Each record is to be written out exactly as it appears.

Provided records:

[Start of section]

(* Let $(\mathbb X,d)$ be a proper complete metric space and let $F_t=\{f_{(1,t)},\dots,f_{(N,t)}\}$, $t\in[0,1]$, be a one-parameter family satisfying (H2), such that for each $i$ the map $[0,1]\ni t\mapsto f_{(i,t)}$ is continuous with respect to the topology of uniform convergence on $\mathbb X$ (i.e. $\sup_{x\in\mathbb X}d(f_{(i,s)}(x),f_{(i,t)}(x))\to0$ as $s\to t$). Then $F_t$ admits at least one upper transition attractor.
   Context: A metric space is proper if closed bounded sets are compact. A one-parameter family is $F_t=\{f_{(1,t)},\dots,f_{(N,t)}\}$, $t\in[0,1]$, $N\ge2$, of continuous self-maps of $\mathbb X$; $\mathrm{Lip}(F_t,d)=\max_i\sup_{x\ne y}d(f_{(i,t)}(x),f_{(i,t)}(y))/d(x,y)$. (H2): $\mathrm{Lip}(F_t,d)<1$ for all $t\in[0,1)$. For $t\in[0,1)$, $A_t$ denotes the attractor of $F_t$, i.e. the unique nonempty compact set with $A_t=\bigcup_i f_{(i,t)}(A_t)$. With $h$ the Hausdorff metric on nonempty compact sets, an upper transition attractor of $F_t$ is a compact set $A^\bullet$ for which there is an increasing sequence $t_n\in[0,1)$, $t_n\to1$, with $h(A_{t_n},A^\bullet)\to0$. *)

theory Defs
  imports "HOL-Analysis.Analysis"
begin

definition hausdorff_dist :: "'a::metric_space set \<Rightarrow> 'a set \<Rightarrow> real" where
  "hausdorff_dist A B = max (SUP a\<in>A. infdist a B) (SUP b\<in>B. infdist b A)"

definition is_attractor :: "nat \<Rightarrow> (nat \<Rightarrow> 'a::metric_space \<Rightarrow> 'a) \<Rightarrow> 'a set \<Rightarrow> bool" where
  "is_attractor N g A \<longleftrightarrow> A \<noteq> {} \<and> compact A \<and> A = (\<Union>i\<in>{1..N}. g i ` A)"

text \<open>The attractor A_t of F_t (unique under (H2)).\<close>
definition attractor :: "nat \<Rightarrow> (nat \<Rightarrow> 'a::metric_space \<Rightarrow> 'a) \<Rightarrow> 'a set" where
  "attractor N g = (THE A. is_attractor N g A)"

definition upper_transition_attractor ::
  "nat \<Rightarrow> (nat \<Rightarrow> real \<Rightarrow> 'a::metric_space \<Rightarrow> 'a) \<Rightarrow> 'a set \<Rightarrow> bool" where
  "upper_transition_attractor N f B \<longleftrightarrow> B \<noteq> {} \<and> compact B \<and>
     (\<exists>tn :: nat \<Rightarrow> real. strict_mono tn \<and> (\<forall>n. tn n \<in> {0..<1}) \<and> tn \<longlonglongrightarrow> 1 \<and>
        (\<lambda>n. hausdorff_dist (attractor N (\<lambda>i. f i (tn n))) B) \<longlonglongrightarrow> 0)"

end

theory Submission
  imports Defs "HOL-Complex_Analysis.Great_Picard"
begin

text \<open>
  Uniform continuity of t \<mapsto> f_(i,t) at t = 1 makes every f_(i,s) with s close to 1
  uniformly 2-close to the contraction f_(i,t0) for one fixed t0 < 1; hence a large closed ball K,
  compact by properness, is mapped into itself by all these maps. For s \<in> [t0,1) the attractor A_s
  is then the intersection of the Hutchinson iterates of K and lies in K. For any t_n increasing to 1
  the Blaschke selection theorem in K -- proved through the 1-Lipschitz functions infdist x A_(t_n),
  which have a uniformly convergent subsequence -- yields a subsequence of attractors converging in
  the Hausdorff distance; its limit is an upper transition attractor.
\<close>

section \<open>Attractors of iterated function systems\<close>

lemma decseq_compact_Inter_nonempty:
  fixes E :: "nat \<Rightarrow> 'a::topological_space set"
  assumes "compact (E 0)" "\<And>n. closed (E n)" "\<And>n. E n \<noteq> {}" "decseq E"
  shows "\<Inter>(range E) \<noteq> {}"
proof -
  have "E 0 \<inter> (\<Inter>n\<in>UNIV. E n) \<noteq> {}"
  proof (rule compact_imp_fip_image[OF assms(1)])
    fix I :: "nat set" assume "finite I"
    then have "E (Max (insert 0 I)) \<subseteq> E n" if "n \<in> insert 0 I" for n
      using that by (intro decseqD[OF assms(4)] Max_ge) auto
    then have "E (Max (insert 0 I)) \<subseteq> E 0 \<inter> (\<Inter>n\<in>I. E n)"
      by blast
    then show "E 0 \<inter> (\<Inter>n\<in>I. E n) \<noteq> {}"
      using assms(3) by blast
  qed (use assms(2) in auto)
  then show ?thesis by blast
qed

lemma infdist_attained_compact:
  fixes A :: "'a::metric_space set"
  assumes "compact A" "A \<noteq> {}"
  obtains a where "a \<in> A" "infdist x A = dist x a"
proof -
  obtain a where a: "a \<in> A" "\<And>y. y \<in> A \<Longrightarrow> dist x a \<le> dist x y"
    using continuous_attains_inf[OF assms continuous_on_dist[OF continuous_on_const continuous_on_id]]
    by blast
  have "infdist x A = dist x a"
    using a assms(2) by (intro antisym infdist_le) (auto simp: infdist_notempty intro: cINF_greatest)
  with a(1) show thesis by (rule that)
qed

definition hutchinson :: "nat \<Rightarrow> (nat \<Rightarrow> 'a \<Rightarrow> 'a) \<Rightarrow> 'a set \<Rightarrow> 'a set" where
  "hutchinson N g S = (\<Union>i\<in>{1..N}. g i ` S)"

[End of section]

Task result:
(* Let $(\mathbb X,d)$ be a proper complete metric space and let $F_t=\{f_{(1,t)},\dots,f_{(N,t)}\}$, $t\in[0,1]$, be a one-parameter family satisfying (H2), such that for each $i$ the map $[0,1]\ni t\mapsto f_{(i,t)}$ is continuous with respect to the topology of uniform convergence on $\mathbb X$ (i.e. $\sup_{x\in\mathbb X}d(f_{(i,s)}(x),f_{(i,t)}(x))\to0$ as $s\to t$). Then $F_t$ admits at least one upper transition attractor.
   Context: A metric space is proper if closed bounded sets are compact. A one-parameter family is $F_t=\{f_{(1,t)},\dots,f_{(N,t)}\}$, $t\in[0,1]$, $N\ge2$, of continuous self-maps of $\mathbb X$; $\mathrm{Lip}(F_t,d)=\max_i\sup_{x\ne y}d(f_{(i,t)}(x),f_{(i,t)}(y))/d(x,y)$. (H2): $\mathrm{Lip}(F_t,d)<1$ for all $t\in[0,1)$. For $t\in[0,1)$, $A_t$ denotes the attractor of $F_t$, i.e. the unique nonempty compact set with $A_t=\bigcup_i f_{(i,t)}(A_t)$. With $h$ the Hausdorff metric on nonempty compact sets, an upper transition attractor of $F_t$ is a compact set $A^\bullet$ for which there is an increasing sequence $t_n\in[0,1)$, $t_n\to1$, with $h(A_{t_n},A^\bullet)\to0$. *)

theory Defs
  imports "HOL-Analysis.Analysis"
begin

definition hausdorff_dist :: "'a::metric_space set \<Rightarrow> 'a set \<Rightarrow> real" where
  "hausdorff_dist A B = max (SUP a\<in>A. infdist a B) (SUP b\<in>B. infdist b A)"

definition is_attractor :: "nat \<Rightarrow> (nat \<Rightarrow> 'a::metric_space \<Rightarrow> 'a) \<Rightarrow> 'a set \<Rightarrow> bool" where
  "is_attractor N g A \<longleftrightarrow> A \<noteq> {} \<and> compact A \<and> A = (\<Union>i\<in>{1..N}. g i ` A)"

text \<open>The attractor A_t of F_t (unique under (H2)).\<close>
definition attractor :: "nat \<Rightarrow> (nat \<Rightarrow> 'a::metric_space \<Rightarrow> 'a) \<Rightarrow> 'a set" where
  "attractor N g = (THE A. is_attractor N g A)"

definition upper_transition_attractor ::
  "nat \<Rightarrow> (nat \<Rightarrow> real \<Rightarrow> 'a::metric_space \<Rightarrow> 'a) \<Rightarrow> 'a set \<Rightarrow> bool" where
  "upper_transition_attractor N f B \<longleftrightarrow> B \<noteq> {} \<and> compact B \<and>
     (\<exists>tn :: nat \<Rightarrow> real. strict_mono tn \<and> (\<forall>n. tn n \<in> {0..<1}) \<and> tn \<longlonglongrightarrow> 1 \<and>
        (\<lambda>n. hausdorff_dist (attractor N (\<lambda>i. f i (tn n))) B) \<longlonglongrightarrow> 0)"

end

theory Submission
  imports Defs "HOL-Complex_Analysis.Great_Picard"
begin

text \<open>
  Uniform continuity of t \<mapsto> f_(i,t) at t = 1 makes every f_(i,s) with s close to 1
  uniformly 2-close to the contraction f_(i,t0) for one fixed t0 < 1; hence a large closed ball K,
  compact by properness, is mapped into itself by all these maps. For s \<in> [t0,1) the attractor A_s
  is then the intersection of the Hutchinson iterates of K and lies in K. For any t_n increasing to 1
  the Blaschke selection theorem in K -- proved through the 1-Lipschitz functions infdist x A_(t_n),
  which have a uniformly convergent subsequence -- yields a subsequence of attractors converging in
  the Hausdorff distance; its limit is an upper transition attractor.
\<close>

section \<open>Attractors of iterated function systems\<close>

lemma decseq_compact_Inter_nonempty:
  fixes E :: "nat \<Rightarrow> 'a::topological_space set"
  assumes "compact (E 0)" "\<And>n. closed (E n)" "\<And>n. E n \<noteq> {}" "decseq E"
  shows "\<Inter>(range E) \<noteq> {}"
proof -
  have "E 0 \<inter> (\<Inter>n\<in>UNIV. E n) \<noteq> {}"
  proof (rule compact_imp_fip_image[OF assms(1)])
    fix I :: "nat set" assume "finite I"
    then have "E (Max (insert 0 I)) \<subseteq> E n" if "n \<in> insert 0 I" for n
      using that by (intro decseqD[OF assms(4)] Max_ge) auto
    then have "E (Max (insert 0 I)) \<subseteq> E 0 \<inter> (\<Inter>n\<in>I. E n)"
      by blast
    then show "E 0 \<inter> (\<Inter>n\<in>I. E n) \<noteq> {}"
      using assms(3) by blast
  qed (use assms(2) in auto)
  then show ?thesis by blast
qed

lemma infdist_attained_compact:
  fixes A :: "'a::metric_space set"
  assumes "compact A" "A \<noteq> {}"
  obtains a where "a \<in> A" "infdist x A = dist x a"
proof -
  obtain a where a: "a \<in> A" "\<And>y. y \<in> A \<Longrightarrow> dist x a \<le> dist x y"
    using continuous_attains_inf[OF assms continuous_on_dist[OF continuous_on_const continuous_on_id]]
    by blast
  have "infdist x A = dist x a"
    using a assms(2) by (intro antisym infdist_le) (auto simp: infdist_notempty intro: cINF_greatest)
  with a(1) show thesis by (rule that)
qed

definition hutchinson :: "nat \<Rightarrow> (nat \<Rightarrow> 'a \<Rightarrow> 'a) \<Rightarrow> 'a set \<Rightarrow> 'a set" where
  "hutchinson N g S = (\<Union>i\<in>{1..N}. g i ` S)"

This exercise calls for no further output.